The Carrullo Family is in transition: Father-in-law, family patriarch, lead assassin, is giving way to his new son-in-law. Dad has carried forward the artistry he learned from his father. His new son-in-law was a former special forces operator and sniper in the armed forces trained in speed, stealth, and function.
Four generations living in the same household from the oldest, "Nana," to the recent newborns--all of whom are involved in the family business. Some by choice. Some not.
This Book: Drawn from recent current events, Weiner's latest thriller weaves the threats posed to U.S. democracy in the 2016 presidential election. If at First is the ruthless intersection of a lethal crime family, the intelligence communities of two countries, and the White House with secrets that will prove deadly to all concerned told only as Weiner can.

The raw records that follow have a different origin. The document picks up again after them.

(* There exist functions $\psi,\phi\in L^\infty_{loc}(\mathbb{R})$ such that $S_{2+\varepsilon}(\psi,\phi)=\infty$ for every $\varepsilon>0$, while the commutator $[\phi,[\psi,H]]$ is bounded on $L^2(\mathbb{R})$, where $H$ is the Hilbert transform.
   Context: The Hilbert transform is $Hf(x)=\lim_{\varepsilon\to0}\int_{|x-y|>\varepsilon}\frac{f(y)}{x-y}\,dy$. $[A,B]=AB-BA$, and a function acts by pointwise multiplication; the commutator is defined on $L^\infty_c(\mathbb{R})$ and bounded on $L^2$ means $\|[\phi,[\psi,H]]f\|_{2}\le K\|f\|_2$ for all $f\in L^\infty_c$. For $r>0$, with $\langle g\rangle_I=\frac1{|I|}\int_Ig$ and supremum over all intervals $I$: $S_r(b_1,b_2)=\sup_I\big(\frac1{|I|}\int_I|b_1-\langle b_1\rangle_I|^r\big)^{1/r}\big(\frac1{|I|}\int_I|b_2-\langle b_2\rangle_I|^r\big)^{1/r}$. *)

theory Defs
  imports "HOL-Analysis.Analysis"
begin

definition Linf_loc :: "(real \<Rightarrow> real) \<Rightarrow> bool" where
  "Linf_loc b \<longleftrightarrow> b \<in> borel_measurable lborel \<and>
     (\<forall>R. \<exists>C. AE x in lborel. \<bar>x\<bar> \<le> R \<longrightarrow> \<bar>b x\<bar> \<le> C)"

definition Linf_c :: "(real \<Rightarrow> real) \<Rightarrow> bool" where
  "Linf_c f \<longleftrightarrow> f \<in> borel_measurable lborel \<and>
     (\<exists>C. AE x in lborel. \<bar>f x\<bar> \<le> C) \<and>
     (\<exists>R. AE x in lborel. R < \<bar>x\<bar> \<longrightarrow> f x = 0)"

definition hilbert :: "(real \<Rightarrow> real) \<Rightarrow> real \<Rightarrow> real" where
  "hilbert f x = Lim (at_right 0)
     (\<lambda>\<epsilon>. set_lebesgue_integral lborel {y. \<epsilon> < \<bar>x - y\<bar>} (\<lambda>y. f y / (x - y)))"

definition commut :: "(real \<Rightarrow> real) \<Rightarrow> ((real \<Rightarrow> real) \<Rightarrow> real \<Rightarrow> real)
    \<Rightarrow> (real \<Rightarrow> real) \<Rightarrow> real \<Rightarrow> real" where
  "commut b T f = (\<lambda>x. b x * T f x - T (\<lambda>y. b y * f y) x)"

definition avg :: "(real \<Rightarrow> real) \<Rightarrow> real \<Rightarrow> real \<Rightarrow> real" where
  "avg g a c = set_lebesgue_integral lborel {a..c} g / (c - a)"

definition osc :: "real \<Rightarrow> (real \<Rightarrow> real) \<Rightarrow> real \<Rightarrow> real \<Rightarrow> real" where
  "osc r b a c = (set_lebesgue_integral lborel {a..c}
       (\<lambda>x. \<bar>b x - avg b a c\<bar> powr r) / (c - a)) powr (1 / r)"

definition S_r :: "real \<Rightarrow> (real \<Rightarrow> real) \<Rightarrow> (real \<Rightarrow> real) \<Rightarrow> ereal" where
  "S_r r b1 b2 = (SUP I \<in> {(a, c). a < c}. ereal (osc r b1 (fst I) (snd I) * osc r b2 (fst I) (snd I)))"

end

theory Submission
  imports Defs "HOL-Real_Asymp.Real_Asymp"
begin

text \<open>
  Take for \<phi> a train of spikes, of height h_n = exp(n^2/2 - n) on [n, n + m_n) with
  m_n = exp(-n^2), and \<psi>(x) = \<phi>(-x). The supports lie in [1,\<infinity>) and (-\<infinity>,-1], so \<phi>\<psi> = 0 and
  the double commutator reduces to -\<phi> H(\<psi> f) - \<psi> H(\<phi> f). Wherever the prefactor is nonzero the
  kernel 1/(x - y) is at most 1/2, so Cauchy-Schwarz bounds the commutator on L^2 by a multiple of
  the L^2 norms of \<phi> and \<psi>, which are finite because h_n^2 m_n = exp(-2n).
  On the other hand, on [-(n+1), n+1] each of the two functions equals h_n on a set of measure m_n
  and vanishes on another one, so both r-oscillations there are at least (h_n/2)(m_n/(2n+2))^(1/r),
  and h_n m_n^(1/r) = exp((1/2 - 1/r) n^2 - n) tends to infinity when r > 2.
\<close>

lemma ennreal_abs_integral_le_nn_integral:
  fixes f :: "'a \<Rightarrow> real"
  shows "ennreal \<bar>integral\<^sup>L M f\<bar> \<le> (\<integral>\<^sup>+x. ennreal \<bar>f x\<bar> \<partial>M)"
  using integral_norm_bound_ennreal[of M f]
  by (cases "integrable M f") (simp_all add: not_integrable_integral_eq)

lemma Linf_locI:
  assumes "b \<in> borel_measurable lborel" and "\<And>x R. \<bar>x\<bar> \<le> R \<Longrightarrow> \<bar>b x\<bar> \<le> C R"
  shows "Linf_loc b"
  using assms unfolding Linf_loc_def by (blast intro: AE_I2)

lemma nn_integral_lborel_reflect:
  fixes f :: "real \<Rightarrow> ennreal"
  assumes "f \<in> borel_measurable lborel"
  shows "(\<integral>\<^sup>+x. f (- x) \<partial>lborel) = (\<integral>\<^sup>+x. f x \<partial>lborel)"
  using nn_integral_real_affine[of f "-1" 0] assms by simp

section \<open>Double commutators with separated supports\<close>

lemma hilbert_eq_integral_if_separated:
  assumes "0 < d" and sep: "\<And>y. g y \<noteq> 0 \<Longrightarrow> d \<le> \<bar>x - y\<bar>"
  shows "hilbert g x = (\<integral>y. g y / (x - y) \<partial>lborel)"
  unfolding hilbert_def
proof (rule tendsto_Lim)
  have "eventually (\<lambda>\<epsilon>. set_lebesgue_integral lborel {y. \<epsilon> < \<bar>x - y\<bar>} (\<lambda>y. g y / (x - y))
      = (\<integral>y. g y / (x - y) \<partial>lborel)) (at_right 0)"
    unfolding eventually_at_right_field
  proof (intro exI[of _ d] conjI allI impI)
    fix \<epsilon> :: real
    assume "\<epsilon> < d"
    then have "(\<lambda>y. indicator {y. \<epsilon> < \<bar>x - y\<bar>} y *\<^sub>R (g y / (x - y))) = (\<lambda>y. g y / (x - y))"
      using sep by (force simp: fun_eq_iff indicator_def)
    then show "set_lebesgue_integral lborel {y. \<epsilon> < \<bar>x - y\<bar>} (\<lambda>y. g y / (x - y))
        = (\<integral>y. g y / (x - y) \<partial>lborel)"
      unfolding set_lebesgue_integral_def by simp
  qed (fact \<open>0 < d\<close>)
  then show "((\<lambda>\<epsilon>. set_lebesgue_integral lborel {y. \<epsilon> < \<bar>x - y\<bar>} (\<lambda>y. g y / (x - y)))
      \<longlongrightarrow> (\<integral>y. g y / (x - y) \<partial>lborel)) (at_right 0)"
    by (rule tendsto_eventually)
qed simp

A mafia underboss escapes a sanctioned act of retribution by his family's patriarch. Rescued by a Russian oligarch with close ties to Putin, the underboss is hidden in a London outpost operated by the Internet Research Agency. This outpost is ground zero for many of the tactics exposed by the American intelligence community: hacked emails of political actors, disinformation campaigns in social media, and targeted ads designed to foment social unrest and disruption to the national political discourse.
The underboss steals this information to secure safety on his own terms. Yet his former boss still wants him sanctioned. The Russian Federation fears premature disclosure of its new form of warfare will destroy its carefully crafted treachery aimed at the heart of U.S. democracy.
Weaving fictional events through Washington, DC, Pittsburgh, London, and Provence, Weiner carries characters known and new to readers of the Blood Relations series into its third installment. You can start the series with any of the three novels but starting with If at First casts recent real-life events in a way that is at once engaging and entertaining.